There is nothing in the make-up of human beings that would prevent their freely working together and then freely taking from the common store what they need.

The human nature argument thus out to be, frankly, nonsense. But it is not only false. It is also part of the ideology by which class society and its coercive state machine are justified. Recall what the argument says — that people are lazy, that they are greedy and aggressive — and think what it would mean if it were true.
If people are lazy and will produce wealth only when they are forced to, then if human society is to continue, some must be in a position to force the rest to work. Thus it is natural that human society be divided into rulers and ruled.
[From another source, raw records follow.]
lemma has_bochner_integral_Gamma_integrand:
  assumes "s > 0"
  shows "has_bochner_integral lborel (Gamma_integrand s) (Gamma s)"
proof -
  have "(\<lambda>t. ennreal (indicator {0..} t * t powr (s - 1) / exp t)) = (\<lambda>t. ennreal (Gamma_integrand s t))"
    by (auto simp: Gamma_integrand_def indicator_def exp_minus field_simps)
  then have "(\<integral>\<^sup>+t. ennreal (Gamma_integrand s t) \<partial>lborel) = ennreal (Gamma s)"
    using Gamma_conv_nn_integral_real[OF assms] by simp
  then show ?thesis
    using assms by (subst (asm) nn_integral_eq_integrable)
      (auto simp: has_bochner_integral_iff Gamma_integrand_nonneg less_imp_le)
qed

lemma integrable_ln_Gamma_integrand:
  assumes "s > 0"
  shows "integrable lborel (\<lambda>t. ln t * Gamma_integrand s t)"
proof (rule Bochner_Integration.integrable_bound)
  show "integrable lborel (\<lambda>t. (2 / s) * Gamma_integrand (s / 2) t + Gamma_integrand (s + 1) t)"
    using has_bochner_integral_Gamma_integrand[of "s / 2"] has_bochner_integral_Gamma_integrand[of "s + 1"]
      assms by (auto simp: has_bochner_integral_iff)
  have "\<bar>ln t\<bar> * (t powr (s - 1) * exp (- t))
      \<le> (2 / s) * (t powr (s / 2 - 1) * exp (- t)) + t powr (s + 1 - 1) * exp (- t)" if "t > 0" for t
  proof -
    have "\<bar>ln t\<bar> * (t powr (s - 1) * exp (- t)) \<le> ((2 / s) * t powr (- s / 2) + t) * (t powr (s - 1) * exp (- t))"
      using abs_ln_le_powr[OF that assms] by (rule mult_right_mono) simp
    also have "\<dots> = (2 / s) * (t powr (s / 2 - 1) * exp (- t)) + t powr (s + 1 - 1) * exp (- t)"
      using that by (simp add: algebra_simps powr_add[symmetric] powr_mult_base)
    finally show ?thesis .
  qed
  then show "AE t in lborel. norm (ln t * Gamma_integrand s t)
      \<le> norm ((2 / s) * Gamma_integrand (s / 2) t + Gamma_integrand (s + 1) t)"
    using assms by (intro AE_I2) (simp add: Gamma_integrand_def abs_mult)
qed simp
locale fresh_clock =
  fixes G :: "('c \<rightharpoonup> 'o::linorder) \<Rightarrow> 'g set"
    and act :: "('c \<rightharpoonup> 'o) \<Rightarrow> ('c \<rightharpoonup> 'o) \<Rightarrow> ('c \<Rightarrow> 'c) \<Rightarrow> 'g \<Rightarrow> 'g"
    and X :: "('c \<rightharpoonup> 'o) \<Rightarrow> 'g \<Rightarrow> 'x set"
    and xact :: "('c \<rightharpoonup> 'o) \<Rightarrow> ('c \<rightharpoonup> 'o) \<Rightarrow> ('c \<Rightarrow> 'c) \<Rightarrow> 'g \<Rightarrow> 'x \<Rightarrow> 'x"
    and \<phi> :: "('c \<rightharpoonup> 'o) \<Rightarrow> (('g \<times> 'x) \<times> 'c) \<Rightarrow> unit set"
    and \<theta> :: "'c \<rightharpoonup> 'o"
    and \<gamma> :: 'g
    and l :: 'c
  assumes G: "presheaf G act"
    and X: "family G act X xact"
    and \<phi>: "predicate (prod_psh (compr G X) Clk) (prod_act (compr_act act xact) Clk_act) \<phi>"
    and obj: "obj \<theta>"
    and \<gamma>: "\<gamma> \<in> G \<theta>"
    and fresh: "l \<notin> dom \<theta>"
begin

abbreviation \<theta>_ext :: "'o \<Rightarrow> 'c \<rightharpoonup> 'o" where
  "\<theta>_ext \<alpha> \<equiv> \<theta>(l \<mapsto> \<alpha>)"

abbreviation \<gamma>_ext :: "'o \<Rightarrow> 'g" where
  "\<gamma>_ext \<alpha> \<equiv> act \<theta> (\<theta>_ext \<alpha>) id \<gamma>"

abbreviation lift :: "'o \<Rightarrow> 'x \<Rightarrow> 'x" where
  "lift \<alpha> x \<equiv> xact \<theta> (\<theta>_ext \<alpha>) id \<gamma> x"

abbreviation holds :: "'o \<Rightarrow> 'x \<Rightarrow> bool" where
  "holds \<alpha> x \<equiv> () \<in> \<phi> (\<theta>_ext \<alpha>) ((\<gamma>_ext \<alpha>, lift \<alpha> x), l)"

lemma obj_\<theta>_ext: "obj (\<theta>_ext \<alpha>)"
  using obj by (simp add: obj_def)

lemma mor_\<theta>_ext: "mor \<theta> (\<theta>_ext \<alpha>) id"
  using mor_clock_intro[OF obj fresh] .

lemma \<gamma>_ext_mem: "\<gamma>_ext \<alpha> \<in> G (\<theta>_ext \<alpha>)"
  using presheaf_act_closed[OF G, OF mor_\<theta>_ext \<gamma>] .

lemma lift_bij: "bij_betw (lift \<alpha>) (X \<theta> \<gamma>) (X (\<theta>_ext \<alpha>) (\<gamma>_ext \<alpha>))"
  using family_clock_intro_bij[OF X, OF obj \<gamma> fresh] .

lemma lift_mem: "x \<in> X \<theta> \<gamma> \<Longrightarrow> lift \<alpha> x \<in> X (\<theta>_ext \<alpha>) (\<gamma>_ext \<alpha>)"
  using bij_betwE[OF lift_bij] by blast

lemma lift_inj: "x \<in> X \<theta> \<gamma> \<Longrightarrow> y \<in> X \<theta> \<gamma> \<Longrightarrow> lift \<alpha> x = lift \<alpha> y \<Longrightarrow> x = y"
  using bij_betw_imp_inj_on[OF lift_bij] by (auto dest: inj_onD)

lemma ex_lift_iff:
  "(\<exists>x \<in> X (\<theta>_ext \<alpha>) (\<gamma>_ext \<alpha>). () \<in> \<phi> (\<theta>_ext \<alpha>) ((\<gamma>_ext \<alpha>, x), l)) \<longleftrightarrow> (\<exists>x \<in> X \<theta> \<gamma>. holds \<alpha> x)"
  unfolding bij_betw_imp_surj_on[OF lift_bij, symmetric] by simp

lemma holds_antimono:
  assumes le: "\<beta> \<le> \<alpha>" and x: "x \<in> X \<theta> \<gamma>" and holds: "holds \<alpha> x"
  shows "holds \<beta> x"
proof -
  have lower: "mor (\<theta>_ext \<alpha>) (\<theta>_ext \<beta>) id"
    using mor_clock_lower[OF obj le] .
  have XP: "presheaf_over G act X xact"
    using X by (simp add: family_def)
  have mem: "((\<gamma>_ext \<alpha>, lift \<alpha> x), l) \<in> prod_psh (compr G X) Clk (\<theta>_ext \<alpha>)"
    using \<gamma>_ext_mem lift_mem[OF x] by (simp add: prod_psh_def compr_def Clk_def)
  have \<gamma>_lower: "\<gamma>_ext \<beta> = act (\<theta>_ext \<alpha>) (\<theta>_ext \<beta>) id (\<gamma>_ext \<alpha>)"
    using presheaf_act_comp[OF G, OF mor_\<theta>_ext lower \<gamma>] by (simp only: id_comp)
  have x_lower: "lift \<beta> x = xact (\<theta>_ext \<alpha>) (\<theta>_ext \<beta>) id (\<gamma>_ext \<alpha>) (lift \<alpha> x)"
    using presheaf_over_act_comp[OF XP, OF mor_\<theta>_ext lower \<gamma> x] by (simp only: id_comp)
  from predicate_act_closed[OF \<phi>, OF lower mem holds]
  show ?thesis
    unfolding \<gamma>_lower x_lower by (simp add: prod_act_def compr_act_def Clk_act_def)
qed

lemma glue_witnesses:
  assumes unique: "\<And>x y. x \<in> X \<theta> \<gamma> \<Longrightarrow> y \<in> X \<theta> \<gamma> \<Longrightarrow> holds \<beta> x \<Longrightarrow> holds \<beta> y \<Longrightarrow> x = y"
    and witness: "\<And>\<alpha>. \<exists>x \<in> X \<theta> \<gamma>. holds \<alpha> x"
  shows "\<exists>x \<in> X \<theta> \<gamma>. \<forall>\<alpha>. holds \<alpha> x"
proof -
  obtain y where y_mem: "\<And>\<alpha>. y \<alpha> \<in> X \<theta> \<gamma>" and y_holds: "\<And>\<alpha>. holds \<alpha> (y \<alpha>)"
    using witness by metis
  have "holds \<alpha> (y \<beta>)" for \<alpha>
  proof -
    let ?\<alpha>' = "max \<alpha> \<beta>"
    have "holds \<beta> (y ?\<alpha>')"
      using holds_antimono[of \<beta> ?\<alpha>' "y ?\<alpha>'"] y_mem y_holds by simp
    then have "y ?\<alpha>' = y \<beta>"
      using unique[of "y ?\<alpha>'" "y \<beta>"] y_mem y_holds by blast
    moreover have "holds \<alpha> (y ?\<alpha>')"
      using holds_antimono[of \<alpha> ?\<alpha>' "y ?\<alpha>'"] y_mem y_holds by simp
    ultimately show ?thesis
      by simp
  qed
  with y_mem show ?thesis
    by blast
qed

end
If people are greedy then they must be denied free access to the fruits of their labour and allowed only so much as will keep them working. Again, it is natural that society be based on private property and divided into exploiters and exploited.
If people are aggressive then they must be restrained, if human society is not to break up amid chaos. There must be a public power of coercion in the hands of a ruling minority. Thus the state machine and government over people also are natural.

What a convenient theory! Class society, exploitation, and oppression justified as natural! Of course this is no accident. The human nature argument is a ruling-class idea. As long as people believe that Socialism is impossible and that only class and property society is practical the ruling class is safe. Marx pointed out that in a non-revolutionary period the ruling ideas in society are the ideas of the ruling class. The human nature argument is so widespread today because it is a ruling class idea in a pre-revolutionary period.